= Directions for this task =
Instruction for the data below: set down exactly the lines from the line with "(subst real_sqrt_le_iff) simp" to the line with "define n where", inclusive, and no others.

Information section start

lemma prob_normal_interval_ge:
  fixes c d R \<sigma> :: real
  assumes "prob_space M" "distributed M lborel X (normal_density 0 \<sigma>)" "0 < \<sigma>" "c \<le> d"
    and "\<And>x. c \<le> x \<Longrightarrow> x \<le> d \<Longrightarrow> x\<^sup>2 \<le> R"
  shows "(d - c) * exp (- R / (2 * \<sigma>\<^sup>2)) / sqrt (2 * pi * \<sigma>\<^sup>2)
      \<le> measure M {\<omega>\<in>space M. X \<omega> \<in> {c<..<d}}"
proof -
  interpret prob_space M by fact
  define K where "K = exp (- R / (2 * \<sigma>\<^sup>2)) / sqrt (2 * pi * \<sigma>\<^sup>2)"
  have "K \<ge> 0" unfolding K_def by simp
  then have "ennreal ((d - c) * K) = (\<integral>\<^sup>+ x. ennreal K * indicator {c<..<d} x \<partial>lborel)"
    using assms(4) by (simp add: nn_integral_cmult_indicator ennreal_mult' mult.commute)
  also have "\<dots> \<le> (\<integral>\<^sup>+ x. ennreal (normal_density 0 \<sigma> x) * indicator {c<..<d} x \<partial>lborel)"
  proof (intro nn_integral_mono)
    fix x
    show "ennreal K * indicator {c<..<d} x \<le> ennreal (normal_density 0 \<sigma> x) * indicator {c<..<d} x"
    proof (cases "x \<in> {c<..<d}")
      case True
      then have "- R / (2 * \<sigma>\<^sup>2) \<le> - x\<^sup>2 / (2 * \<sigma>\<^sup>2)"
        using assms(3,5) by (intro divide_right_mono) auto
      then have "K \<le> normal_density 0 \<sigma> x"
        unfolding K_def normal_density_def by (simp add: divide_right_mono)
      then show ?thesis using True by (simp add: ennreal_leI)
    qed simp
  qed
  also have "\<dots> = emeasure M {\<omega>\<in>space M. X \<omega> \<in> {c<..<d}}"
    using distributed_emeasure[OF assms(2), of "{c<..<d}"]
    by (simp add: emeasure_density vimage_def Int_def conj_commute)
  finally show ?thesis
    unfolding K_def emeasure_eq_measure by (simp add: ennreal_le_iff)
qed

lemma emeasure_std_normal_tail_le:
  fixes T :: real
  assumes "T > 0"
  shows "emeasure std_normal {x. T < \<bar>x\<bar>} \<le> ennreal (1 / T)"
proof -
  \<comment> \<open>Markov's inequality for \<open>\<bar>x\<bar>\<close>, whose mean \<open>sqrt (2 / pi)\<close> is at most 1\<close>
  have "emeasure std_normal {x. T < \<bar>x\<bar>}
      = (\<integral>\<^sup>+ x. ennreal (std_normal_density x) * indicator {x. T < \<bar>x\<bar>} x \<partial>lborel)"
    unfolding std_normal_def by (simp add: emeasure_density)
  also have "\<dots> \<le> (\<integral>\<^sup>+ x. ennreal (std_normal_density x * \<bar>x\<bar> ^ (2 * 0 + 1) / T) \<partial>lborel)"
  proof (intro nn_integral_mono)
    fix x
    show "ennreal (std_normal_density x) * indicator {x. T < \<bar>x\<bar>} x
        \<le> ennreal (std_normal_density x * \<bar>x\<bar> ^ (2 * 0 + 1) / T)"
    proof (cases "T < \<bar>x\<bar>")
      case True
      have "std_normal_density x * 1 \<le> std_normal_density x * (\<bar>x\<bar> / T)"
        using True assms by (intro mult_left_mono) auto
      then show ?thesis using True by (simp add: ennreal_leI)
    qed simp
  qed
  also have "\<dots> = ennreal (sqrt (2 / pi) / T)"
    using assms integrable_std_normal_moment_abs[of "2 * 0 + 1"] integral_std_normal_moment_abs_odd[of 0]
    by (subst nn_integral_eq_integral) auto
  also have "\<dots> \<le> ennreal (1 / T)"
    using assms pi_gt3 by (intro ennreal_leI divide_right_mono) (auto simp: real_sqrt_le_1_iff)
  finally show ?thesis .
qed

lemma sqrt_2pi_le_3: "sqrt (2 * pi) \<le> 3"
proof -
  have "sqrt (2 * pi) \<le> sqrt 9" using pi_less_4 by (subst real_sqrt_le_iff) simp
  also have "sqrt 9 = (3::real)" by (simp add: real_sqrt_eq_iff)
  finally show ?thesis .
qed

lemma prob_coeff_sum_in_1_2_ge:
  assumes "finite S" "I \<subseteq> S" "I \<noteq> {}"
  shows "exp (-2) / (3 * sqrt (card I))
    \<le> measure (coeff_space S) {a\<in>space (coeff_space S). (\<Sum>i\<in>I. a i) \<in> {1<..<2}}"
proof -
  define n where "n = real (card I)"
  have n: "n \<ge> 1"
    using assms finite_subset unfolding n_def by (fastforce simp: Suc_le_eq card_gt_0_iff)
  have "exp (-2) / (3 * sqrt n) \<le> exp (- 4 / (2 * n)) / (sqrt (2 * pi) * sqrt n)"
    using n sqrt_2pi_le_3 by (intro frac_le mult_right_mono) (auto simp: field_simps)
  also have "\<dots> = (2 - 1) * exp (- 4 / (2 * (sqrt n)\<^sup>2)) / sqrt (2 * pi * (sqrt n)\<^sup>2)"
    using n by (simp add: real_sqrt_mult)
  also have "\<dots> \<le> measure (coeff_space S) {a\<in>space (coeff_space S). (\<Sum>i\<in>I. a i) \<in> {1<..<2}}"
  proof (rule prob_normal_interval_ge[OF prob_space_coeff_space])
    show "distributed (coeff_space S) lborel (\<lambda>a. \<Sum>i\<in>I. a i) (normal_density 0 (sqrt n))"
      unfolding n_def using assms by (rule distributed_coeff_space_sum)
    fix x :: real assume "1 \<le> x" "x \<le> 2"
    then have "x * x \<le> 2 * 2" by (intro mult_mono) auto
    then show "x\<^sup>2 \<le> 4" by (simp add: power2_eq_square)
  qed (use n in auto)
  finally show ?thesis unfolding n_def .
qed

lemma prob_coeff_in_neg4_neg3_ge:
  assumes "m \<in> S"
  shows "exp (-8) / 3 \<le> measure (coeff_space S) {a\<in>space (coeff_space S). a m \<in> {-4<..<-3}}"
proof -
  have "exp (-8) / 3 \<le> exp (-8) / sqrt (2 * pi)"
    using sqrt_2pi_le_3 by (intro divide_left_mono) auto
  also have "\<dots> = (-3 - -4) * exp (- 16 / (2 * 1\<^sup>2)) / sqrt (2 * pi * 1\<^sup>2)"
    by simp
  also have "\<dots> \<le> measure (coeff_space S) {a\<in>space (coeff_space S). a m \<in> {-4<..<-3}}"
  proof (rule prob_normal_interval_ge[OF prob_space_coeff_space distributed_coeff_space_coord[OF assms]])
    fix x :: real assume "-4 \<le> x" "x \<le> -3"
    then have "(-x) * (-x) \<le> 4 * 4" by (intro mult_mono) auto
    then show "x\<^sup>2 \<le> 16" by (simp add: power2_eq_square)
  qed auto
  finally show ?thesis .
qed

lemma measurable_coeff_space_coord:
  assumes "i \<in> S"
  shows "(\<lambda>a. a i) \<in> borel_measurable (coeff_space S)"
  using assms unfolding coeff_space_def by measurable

Information section end
Information section start

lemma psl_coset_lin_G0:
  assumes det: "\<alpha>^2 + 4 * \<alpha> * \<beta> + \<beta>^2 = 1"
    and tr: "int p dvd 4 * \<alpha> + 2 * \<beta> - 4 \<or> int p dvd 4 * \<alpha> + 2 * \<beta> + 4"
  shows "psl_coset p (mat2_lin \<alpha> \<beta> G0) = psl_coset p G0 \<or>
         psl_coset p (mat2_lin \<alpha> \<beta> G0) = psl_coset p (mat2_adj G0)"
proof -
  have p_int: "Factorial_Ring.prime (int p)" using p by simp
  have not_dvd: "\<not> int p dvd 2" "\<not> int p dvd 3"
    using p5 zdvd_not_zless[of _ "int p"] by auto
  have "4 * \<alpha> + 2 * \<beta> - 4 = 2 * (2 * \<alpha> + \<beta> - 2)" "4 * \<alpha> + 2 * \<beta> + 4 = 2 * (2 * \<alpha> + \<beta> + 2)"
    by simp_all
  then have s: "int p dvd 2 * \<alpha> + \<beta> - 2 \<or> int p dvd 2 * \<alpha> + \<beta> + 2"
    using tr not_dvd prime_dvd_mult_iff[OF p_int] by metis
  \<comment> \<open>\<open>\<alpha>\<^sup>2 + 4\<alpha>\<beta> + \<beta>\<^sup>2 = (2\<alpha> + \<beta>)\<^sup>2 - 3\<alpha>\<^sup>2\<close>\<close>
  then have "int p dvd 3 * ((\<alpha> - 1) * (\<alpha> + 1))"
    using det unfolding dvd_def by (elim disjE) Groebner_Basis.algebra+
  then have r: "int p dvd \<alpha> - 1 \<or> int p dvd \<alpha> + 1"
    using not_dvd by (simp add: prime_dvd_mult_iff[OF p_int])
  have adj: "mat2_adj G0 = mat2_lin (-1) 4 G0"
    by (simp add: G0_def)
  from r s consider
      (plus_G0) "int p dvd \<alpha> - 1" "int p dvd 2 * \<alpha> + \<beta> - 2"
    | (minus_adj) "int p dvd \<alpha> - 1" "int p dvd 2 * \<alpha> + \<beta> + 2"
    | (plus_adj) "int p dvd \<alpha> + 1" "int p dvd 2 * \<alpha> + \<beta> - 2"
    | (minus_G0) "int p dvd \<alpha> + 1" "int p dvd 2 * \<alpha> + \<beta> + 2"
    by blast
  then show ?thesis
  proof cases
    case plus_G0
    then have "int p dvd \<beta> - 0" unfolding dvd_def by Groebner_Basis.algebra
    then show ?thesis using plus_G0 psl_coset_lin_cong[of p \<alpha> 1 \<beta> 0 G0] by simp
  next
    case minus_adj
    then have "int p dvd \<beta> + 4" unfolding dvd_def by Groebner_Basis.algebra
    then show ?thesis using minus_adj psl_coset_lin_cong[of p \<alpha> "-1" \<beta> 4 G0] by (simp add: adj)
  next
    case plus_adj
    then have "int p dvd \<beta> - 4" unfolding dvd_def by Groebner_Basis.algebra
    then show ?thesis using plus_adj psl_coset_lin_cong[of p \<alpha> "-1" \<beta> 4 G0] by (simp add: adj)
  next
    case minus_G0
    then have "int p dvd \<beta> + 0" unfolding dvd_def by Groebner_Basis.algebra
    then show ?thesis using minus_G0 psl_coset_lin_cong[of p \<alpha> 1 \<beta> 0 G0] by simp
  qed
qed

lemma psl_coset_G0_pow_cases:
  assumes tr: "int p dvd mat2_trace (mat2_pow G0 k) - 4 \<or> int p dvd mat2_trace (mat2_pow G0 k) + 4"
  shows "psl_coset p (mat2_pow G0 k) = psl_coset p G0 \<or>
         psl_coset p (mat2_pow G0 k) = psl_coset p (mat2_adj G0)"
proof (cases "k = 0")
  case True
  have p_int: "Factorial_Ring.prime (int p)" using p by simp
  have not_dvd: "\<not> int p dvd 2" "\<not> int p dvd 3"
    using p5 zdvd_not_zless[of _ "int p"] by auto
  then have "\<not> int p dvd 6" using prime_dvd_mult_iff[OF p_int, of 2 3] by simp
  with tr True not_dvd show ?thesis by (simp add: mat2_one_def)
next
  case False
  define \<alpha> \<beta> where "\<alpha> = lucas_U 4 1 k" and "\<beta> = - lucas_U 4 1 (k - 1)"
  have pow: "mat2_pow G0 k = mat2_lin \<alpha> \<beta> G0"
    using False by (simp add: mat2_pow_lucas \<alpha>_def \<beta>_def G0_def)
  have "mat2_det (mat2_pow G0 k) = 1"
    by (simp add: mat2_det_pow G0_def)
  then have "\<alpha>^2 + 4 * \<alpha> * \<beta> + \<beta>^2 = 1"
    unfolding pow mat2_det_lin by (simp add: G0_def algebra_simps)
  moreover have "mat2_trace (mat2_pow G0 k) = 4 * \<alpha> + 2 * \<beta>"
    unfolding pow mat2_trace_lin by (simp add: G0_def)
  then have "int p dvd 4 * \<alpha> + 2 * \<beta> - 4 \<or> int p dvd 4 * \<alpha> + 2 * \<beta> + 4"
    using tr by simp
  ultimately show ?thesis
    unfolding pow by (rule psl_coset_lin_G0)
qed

Information section end
Information section start

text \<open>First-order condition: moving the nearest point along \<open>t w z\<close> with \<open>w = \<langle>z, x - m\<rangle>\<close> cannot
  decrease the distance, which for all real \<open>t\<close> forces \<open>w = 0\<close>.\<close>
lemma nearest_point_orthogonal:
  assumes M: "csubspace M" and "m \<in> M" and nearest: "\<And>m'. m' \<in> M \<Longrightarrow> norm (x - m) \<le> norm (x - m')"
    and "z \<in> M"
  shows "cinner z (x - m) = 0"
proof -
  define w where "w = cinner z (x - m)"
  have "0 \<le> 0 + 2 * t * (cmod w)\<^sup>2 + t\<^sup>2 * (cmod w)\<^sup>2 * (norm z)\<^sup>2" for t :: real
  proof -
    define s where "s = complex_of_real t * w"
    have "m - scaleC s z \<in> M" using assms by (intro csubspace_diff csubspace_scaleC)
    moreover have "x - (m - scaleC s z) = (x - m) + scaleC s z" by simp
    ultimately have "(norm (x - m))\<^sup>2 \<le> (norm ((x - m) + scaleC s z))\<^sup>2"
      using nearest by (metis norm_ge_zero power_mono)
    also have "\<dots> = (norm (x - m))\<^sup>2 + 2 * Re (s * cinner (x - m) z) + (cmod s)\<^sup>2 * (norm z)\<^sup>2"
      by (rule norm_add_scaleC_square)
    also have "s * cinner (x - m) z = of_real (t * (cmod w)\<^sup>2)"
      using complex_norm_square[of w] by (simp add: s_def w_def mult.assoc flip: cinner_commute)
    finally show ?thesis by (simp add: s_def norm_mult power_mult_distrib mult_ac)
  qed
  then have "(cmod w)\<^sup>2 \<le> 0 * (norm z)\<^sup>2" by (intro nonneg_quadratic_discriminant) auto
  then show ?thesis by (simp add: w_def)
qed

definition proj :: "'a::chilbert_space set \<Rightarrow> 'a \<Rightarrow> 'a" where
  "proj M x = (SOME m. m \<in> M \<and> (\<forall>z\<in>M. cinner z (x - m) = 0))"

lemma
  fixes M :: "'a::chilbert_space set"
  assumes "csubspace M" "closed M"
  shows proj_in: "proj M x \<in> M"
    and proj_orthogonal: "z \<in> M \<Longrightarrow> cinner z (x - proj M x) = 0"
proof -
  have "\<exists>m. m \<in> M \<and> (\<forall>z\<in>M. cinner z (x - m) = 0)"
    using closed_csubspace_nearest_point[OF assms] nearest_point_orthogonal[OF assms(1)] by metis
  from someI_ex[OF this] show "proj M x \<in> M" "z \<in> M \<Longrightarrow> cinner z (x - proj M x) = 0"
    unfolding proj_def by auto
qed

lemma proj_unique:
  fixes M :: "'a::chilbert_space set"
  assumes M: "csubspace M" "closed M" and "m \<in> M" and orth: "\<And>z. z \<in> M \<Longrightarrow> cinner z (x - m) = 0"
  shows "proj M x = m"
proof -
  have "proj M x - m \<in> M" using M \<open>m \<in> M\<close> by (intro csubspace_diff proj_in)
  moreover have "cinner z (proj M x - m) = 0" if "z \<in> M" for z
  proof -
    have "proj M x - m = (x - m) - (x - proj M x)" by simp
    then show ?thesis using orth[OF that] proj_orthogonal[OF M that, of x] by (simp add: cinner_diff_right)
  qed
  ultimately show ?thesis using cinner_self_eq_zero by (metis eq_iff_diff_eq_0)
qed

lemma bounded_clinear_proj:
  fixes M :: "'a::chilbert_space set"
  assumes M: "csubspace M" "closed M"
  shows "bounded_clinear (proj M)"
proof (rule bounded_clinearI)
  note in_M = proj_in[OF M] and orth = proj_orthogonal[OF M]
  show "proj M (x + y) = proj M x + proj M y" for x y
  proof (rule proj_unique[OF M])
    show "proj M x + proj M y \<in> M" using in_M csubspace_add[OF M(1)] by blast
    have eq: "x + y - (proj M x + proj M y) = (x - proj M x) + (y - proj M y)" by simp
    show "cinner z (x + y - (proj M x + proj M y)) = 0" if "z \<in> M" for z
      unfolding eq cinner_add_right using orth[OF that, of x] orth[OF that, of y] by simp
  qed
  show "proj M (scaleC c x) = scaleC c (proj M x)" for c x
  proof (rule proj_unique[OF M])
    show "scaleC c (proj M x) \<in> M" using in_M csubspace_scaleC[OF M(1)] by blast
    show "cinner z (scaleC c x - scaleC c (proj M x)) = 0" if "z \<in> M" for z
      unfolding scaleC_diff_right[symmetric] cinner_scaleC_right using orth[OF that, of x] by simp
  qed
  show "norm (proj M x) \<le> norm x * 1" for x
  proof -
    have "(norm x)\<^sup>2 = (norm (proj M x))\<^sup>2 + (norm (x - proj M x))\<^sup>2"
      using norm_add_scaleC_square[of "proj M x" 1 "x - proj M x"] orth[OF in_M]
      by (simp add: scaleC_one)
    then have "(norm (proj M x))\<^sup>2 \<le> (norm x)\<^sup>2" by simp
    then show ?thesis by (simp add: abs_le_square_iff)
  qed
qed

Information section end

= Answer section =
  have "sqrt (2 * pi) \<le> sqrt 9" using pi_less_4 by (subst real_sqrt_le_iff) simp
  also have "sqrt 9 = (3::real)" by (simp add: real_sqrt_eq_iff)
  finally show ?thesis .
qed

lemma prob_coeff_sum_in_1_2_ge:
  assumes "finite S" "I \<subseteq> S" "I \<noteq> {}"
  shows "exp (-2) / (3 * sqrt (card I))
    \<le> measure (coeff_space S) {a\<in>space (coeff_space S). (\<Sum>i\<in>I. a i) \<in> {1<..<2}}"
proof -
  define n where "n = real (card I)"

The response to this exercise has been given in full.